The Help, Peter Pan, The Handmaid’s Tale, Gone with the Wind, The Immortal Life of Henrietta Lacks, and the Harry Potter series. What do they all have in common? They have all been awarded my coveted 5 star rating. I’m very excited to announce that Tina Boscha’s River in the Sea joins that list today! This is a Call Me Bookish first – never before have I given an indie book 5 stars.
Unlike a lot of reviewers, I use the same standards to rate indie books as I do New York Times best sellers. Don’t get me wrong, I get why people give indie books some slack; I mean, it’s true that they’re self-edited, not allotted the same kinds of resources, etc. However, I personally feel that it would be wrong for me to rate them differently. I confess that while I have never tried to self-publish, I still feel that I wouldn’t put anything out there unless I felt like it was the best it could be.
River in the Sea is that kind of finished product. I walked away from it feeling satisfied, feeling like I would never change a thing about it. (As a very opinionated reader, that barely ever happens!) While I commend and am deeply appreciative of River in the Sea‘s superb editing, I want to set the record straight. River in the Sea has earned each and every star I gave it simply because Tina Boscha writes beautifully – the plot is riveting and her characters are fully-imagined.

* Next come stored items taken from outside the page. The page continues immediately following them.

lemma Lgame_ex_num_close:
  assumes "card VF \<le> n"
  shows "\<bar>real (n choose 2) - real (Lgame n VF EF) - real (ex_num n VF EF)\<bar>
    \<le> (2 * real (card VF) + 1) * real n"
proof -
  have "0 < card VF" using finite_VF connected unfolding graph_connected_def by auto
  then have "1 \<le> n" using assms by simp
  then have "n choose 2 \<le> Lgame n VF EF + ex_num n VF EF + n"
    and "Lgame n VF EF + ex_num n VF EF \<le> (n choose 2) + 2 * (card VF * n)"
    using Lgame_exa1_bounds[OF assms] exa1_le_ex_num[OF assms] ex_num_le_exa1[OF assms] by linarith+
  then have "real (n choose 2) \<le> real (Lgame n VF EF) + real (ex_num n VF EF) + real n"
    and "real (Lgame n VF EF) + real (ex_num n VF EF) \<le> real (n choose 2) + 2 * (real (card VF) * real n)"
    by (simp_all flip: of_nat_add of_nat_mult)
  moreover have "0 \<le> real (card VF) * real n" by simp
  moreover have "(2 * real (card VF) + 1) * real n = 2 * (real (card VF) * real n) + real n"
    by (simp add: algebra_simps)
  ultimately show ?thesis unfolding abs_le_iff by linarith
qed
lemma deriv_add_mult_of_dilatation:
  assumes H: "H holomorphic_on ball 0 1" and G: "G holomorphic_on ball 0 1"
    and diff: "\<And>z. z \<in> ball 0 1 \<Longrightarrow> H z - G z = F z" and z: "z \<in> ball 0 1"
    and F: "(F has_field_derivative F') (at z)"
    and dil: "deriv H z \<noteq> 0" "deriv G z / deriv H z = \<nu>" "\<nu> \<noteq> 1"
  shows "deriv (\<lambda>z. H z + c * G z) z = F' * (1 + c * \<nu>) / (1 - \<nu>)"
proof -
  note dH = holomorphic_derivI[OF H open_ball z] and dG = holomorphic_derivI[OF G open_ball z]
  have "((\<lambda>z. H z - G z) has_field_derivative deriv H z - deriv G z) (at z)"
    using dH dG by (rule DERIV_diff)
  then have "(F has_field_derivative deriv H z - deriv G z) (at z)"
    by (rule has_field_derivative_transform_within_open[OF _ open_ball z]) (use diff in auto)
  then have "deriv H z - deriv G z = F'"
    using F by (rule DERIV_unique)
  moreover have G': "deriv G z = \<nu> * deriv H z"
    using dil(1,2) by (simp add: field_simps)
  moreover have "1 - \<nu> \<noteq> 0"
    using dil(3) by simp
  ultimately have H': "deriv H z = F' / (1 - \<nu>)"
    by (simp add: eq_divide_eq algebra_simps)
  have "deriv (\<lambda>z. H z + c * G z) z = deriv H z + c * deriv G z"
    using dH dG by (auto intro!: DERIV_imp_deriv derivative_eq_intros)
  also have "\<dots> = (1 + c * \<nu>) * deriv H z"
    by (simp add: G' algebra_simps)
  also have "\<dots> = F' * (1 + c * \<nu>) / (1 - \<nu>)"
    by (simp add: H')
  finally show ?thesis .
qed

lemma close_to_convex_if_arg_bound:
  assumes f: "f holomorphic_on ball 0 1" and \<psi>: "convex_mapping \<psi>" and c: "norm c = 1"
    and f': "\<And>z. z \<in> ball 0 1 \<Longrightarrow> deriv f z = deriv \<psi> z * (exp (X z) * ((1 + c * \<nu> z) / (1 - \<nu> z)))"
    and \<nu>: "\<And>z. z \<in> ball 0 1 \<Longrightarrow> norm (\<nu> z) \<le> \<beta>" and \<beta>: "\<beta> < 1"
    and bound: "\<And>z. z \<in> ball 0 1 \<Longrightarrow> \<bar>Im (X z)\<bar> + 2 * arcsin \<beta> < pi / 2"
  shows "close_to_convex f"
  unfolding close_to_convex_def
proof (intro conjI exI[of _ \<psi>] ballI)
  fix z :: complex assume z: "z \<in> ball 0 1"
  have "arcsin (norm (\<nu> z)) \<le> arcsin \<beta>"
  proof (rule arcsin_le_arcsin)
    show "-1 \<le> norm (\<nu> z)"
      by (rule order_trans[of _ 0]) simp_all
  qed (use \<nu>[OF z] \<beta> in auto)
  moreover have "norm (c * \<nu> z) = norm (\<nu> z)"
    using c by (simp add: norm_mult)
  ultimately have "0 < Re (exp (X z) * (1 + c * \<nu> z) / (1 + - \<nu> z))"
    using \<nu>[OF z] \<beta> bound[OF z] by (intro Re_exp_mult_ratio_pos) auto
  moreover have "deriv \<psi> z \<noteq> 0"
    using \<psi> z by (intro holomorphic_injective_imp_regular[OF _ open_ball]) (auto simp: convex_mapping_def)
  ultimately show "0 < Re (deriv f z / deriv \<psi> z)"
    by (simp add: f'[OF z])
qed (use f \<psi> in auto)
lemma zlin_indep_vec_mat:
  assumes "inverse_mats n A B" "\<forall>i<m. b i \<in> zvec n" "zlin_indep m b"
  shows "zlin_indep m (\<lambda>i. vec_mat n A (b i))"
  unfolding zlin_indep_def
proof (intro allI impI)
  fix c :: "nat \<Rightarrow> int" and i
  assume rel: "\<forall>j. (\<Sum>i<m. c i * vec_mat n A (b i) j) = 0" and "i < m"
  define v where "v = (\<lambda>j. \<Sum>i<m. c i * b i j)"
  have "v \<in> zvec n"
    using assms(2) by (auto simp: v_def zvec_def)
  moreover have "vec_mat n A v = (\<lambda>_. 0)"
    using rel by (simp add: v_def vec_mat_combination)
  ultimately have "v = vec_mat n B (\<lambda>_. 0)"
    using vec_mat_inverse[OF assms(1)] by metis
  then have "\<forall>j. (\<Sum>i<m. c i * b i j) = 0"
    by (simp add: v_def vec_mat_def fun_eq_iff)
  then show "c i = 0"
    using assms(3) \<open>i < m\<close> unfolding zlin_indep_def by blast
qed

lemma zrank_resonance_module_mat_vec:
  assumes "inverse_mats n A B"
  shows "zrank (resonance_module n (mat_vec n A w)) = zrank (resonance_module n w)"
proof -
  have transfer: "\<exists>b'. (\<forall>i<m. b' i \<in> resonance_module n w) \<and> zlin_indep m b'"
    if "inverse_mats n A B" "\<forall>i<m. b i \<in> resonance_module n (mat_vec n A w)" "zlin_indep m b"
    for A B w m b
    using that vec_mat_resonance_module zlin_indep_vec_mat[of n A B m b]
    by (intro exI[of _ "\<lambda>i. vec_mat n A (b i)"]) (auto simp: resonance_module_def)
  have "resonance_module n (mat_vec n B (mat_vec n A w)) = resonance_module n w"
    by (rule resonance_module_cong) (simp add: mat_vec_inverse[OF assms])
  then have "(\<exists>b. (\<forall>i<m. b i \<in> resonance_module n (mat_vec n A w)) \<and> zlin_indep m b)
      \<longleftrightarrow> (\<exists>b. (\<forall>i<m. b i \<in> resonance_module n w) \<and> zlin_indep m b)" for m
    using transfer[OF assms] transfer[OF inverse_mats_sym[OF assms], where w = "mat_vec n A w" and m = m]
    by metis
  then show ?thesis
    unfolding zrank_def by simp
qed

lemma period_mat_vec:
  assumes "inverse_mats n A B"
  shows "period n (mat_vec n A w) = period n w"
proof -
  have integral: "\<forall>i<n. real T * mat_vec n X v i \<in> \<int>" if "\<forall>i<n. real T * v i \<in> \<int>" for X v T
  proof (intro allI impI)
    fix i
    have "real T * mat_vec n X v i = (\<Sum>j<n. of_int (X i j) * (real T * v j))"
      unfolding mat_vec_def by (simp add: sum_distrib_left mult.left_commute)
    also have "\<dots> \<in> \<int>"
      using that by (intro Ints_sum Ints_mult[OF Ints_of_int]) auto
    finally show "real T * mat_vec n X v i \<in> \<int>" .
  qed
  have "(\<forall>i<n. real T * mat_vec n A w i \<in> \<int>) \<longleftrightarrow> (\<forall>i<n. real T * w i \<in> \<int>)" for T
    using integral[of T "mat_vec n A w" B] integral[of T w A] mat_vec_inverse[OF assms] by auto
  then show ?thesis
    unfolding period_def by simp
qed

lemma sum_lessThan_split:
  fixes f :: "nat \<Rightarrow> 'a::comm_monoid_add"
  assumes "s \<le> n"
  shows "(\<Sum>i<n. f i) = (\<Sum>i<s. f i) + (\<Sum>j<n - s. f (s + j))"
proof -
  have "(\<Sum>i<n. f i) = (\<Sum>i<s. f i) + (\<Sum>i\<in>{s..<n}. f i)"
    using assms by (metis atLeast0LessThan le0 sum.atLeastLessThan_concat)
  also have "(\<Sum>i\<in>{s..<n}. f i) = (\<Sum>j<n - s. f (s + j))"
    using assms sum.shift_bounds_nat_ivl[of f 0 s "n - s"] by (simp add: atLeast0LessThan add.commute)
  finally show ?thesis .
qed

lemma exists_unimodular_rational_coordinate:
  assumes "s < n" "k \<in> zvec n" "k \<noteq> (\<lambda>_. 0)" "\<forall>i<s. k i = 0"
    and "(\<Sum>i<n. of_int (k i) * w i) \<in> \<int>"
  shows "\<exists>A B. inverse_mats n A B \<and> identity_outside n s n A \<and> mat_vec n A w s \<in> \<rat>"
proof -
  obtain C B g where CB: "inverse_mats n C B" "identity_outside n s n C" "identity_outside n s n B"
      "\<forall>i\<in>{s..<n}. int_mat_vec n C k i = (if i = s then g else 0)"
    using exists_unimodular_reduction[of n n s s k] assms(1) by auto
  have Ck: "int_mat_vec n C k i = (if i = s then g else 0)" if "i < n" for i
    using CB(4) int_mat_vec_identity_outside[OF CB(2) that] assms(4) that by (cases "s \<le> i") auto
  have k: "k j = B j s * g" if "j < n" for j
  proof -
    have "k j = int_mat_vec n B (int_mat_vec n C k) j"
      using int_mat_vec_inverse[OF CB(1) that] by simp
    also have "\<dots> = B j s * g"
      unfolding int_mat_vec_def[of n B] using assms(1) by (simp add: Ck cong: if_cong)
    finally show ?thesis .
  qed
  have "g \<noteq> 0"
    using assms(2,3) k by (auto simp: zvec_def fun_eq_iff) (metis not_le)
  text \<open>Row \<open>s\<close> of \<open>A = (C\<^sup>-\<^sup>1)\<^sup>T\<close> is \<open>k / g\<close>, so \<open>(A w)\<^sub>s = \<langle>k, w\<rangle> / g\<close>.\<close>
  define A where "A = transpose_mat B"
  have "of_int g * mat_vec n A w s = (\<Sum>j<n. of_int (k j) * w j)"
    unfolding mat_vec_def A_def transpose_mat_def
    by (simp add: sum_distrib_left k mult.commute mult.left_commute)
  then have "mat_vec n A w s = (\<Sum>j<n. of_int (k j) * w j) / of_int g"
    using \<open>g \<noteq> 0\<close> by (simp add: field_simps)
  also have "\<dots> \<in> \<rat>"
    using assms(5) Ints_subset_Rats by (intro Rats_divide) auto
  finally show ?thesis
    using inverse_mats_transpose[OF inverse_mats_sym[OF CB(1)]] identity_outside_transpose[OF CB(3)]
    unfolding A_def by blast
qed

Speaking of characters, while Boscha cautions readers that this book is a work of fiction, she confirms that it is indeed based on her mother’s real-life experiences in German occupied Friesland. The protagonist, Leen, is a typical teenager who is just trying to figure it all out. Her favorite pastimes include driving fast, finding ways to con her eldest sister into doing her chores, and smoking in public even though it’s frowned upon because she’s a woman. That’s what broke my heart. Her coming of age took place about 60 years before my own, but we still had so much in common. The difference is that Leen’s occurred during times of slaughter, hiding, starvation, and fear of the unknown. Everything that she goes through feels so unreal, but they did, these things happened!
The only other time I felt this connected to a place I’ve never been, to a woman I’ve never met, and to a time I’ve never lived in was when I finished Gone with the Wind for the first time.
River in the Sea deserves all of these shining stars and more.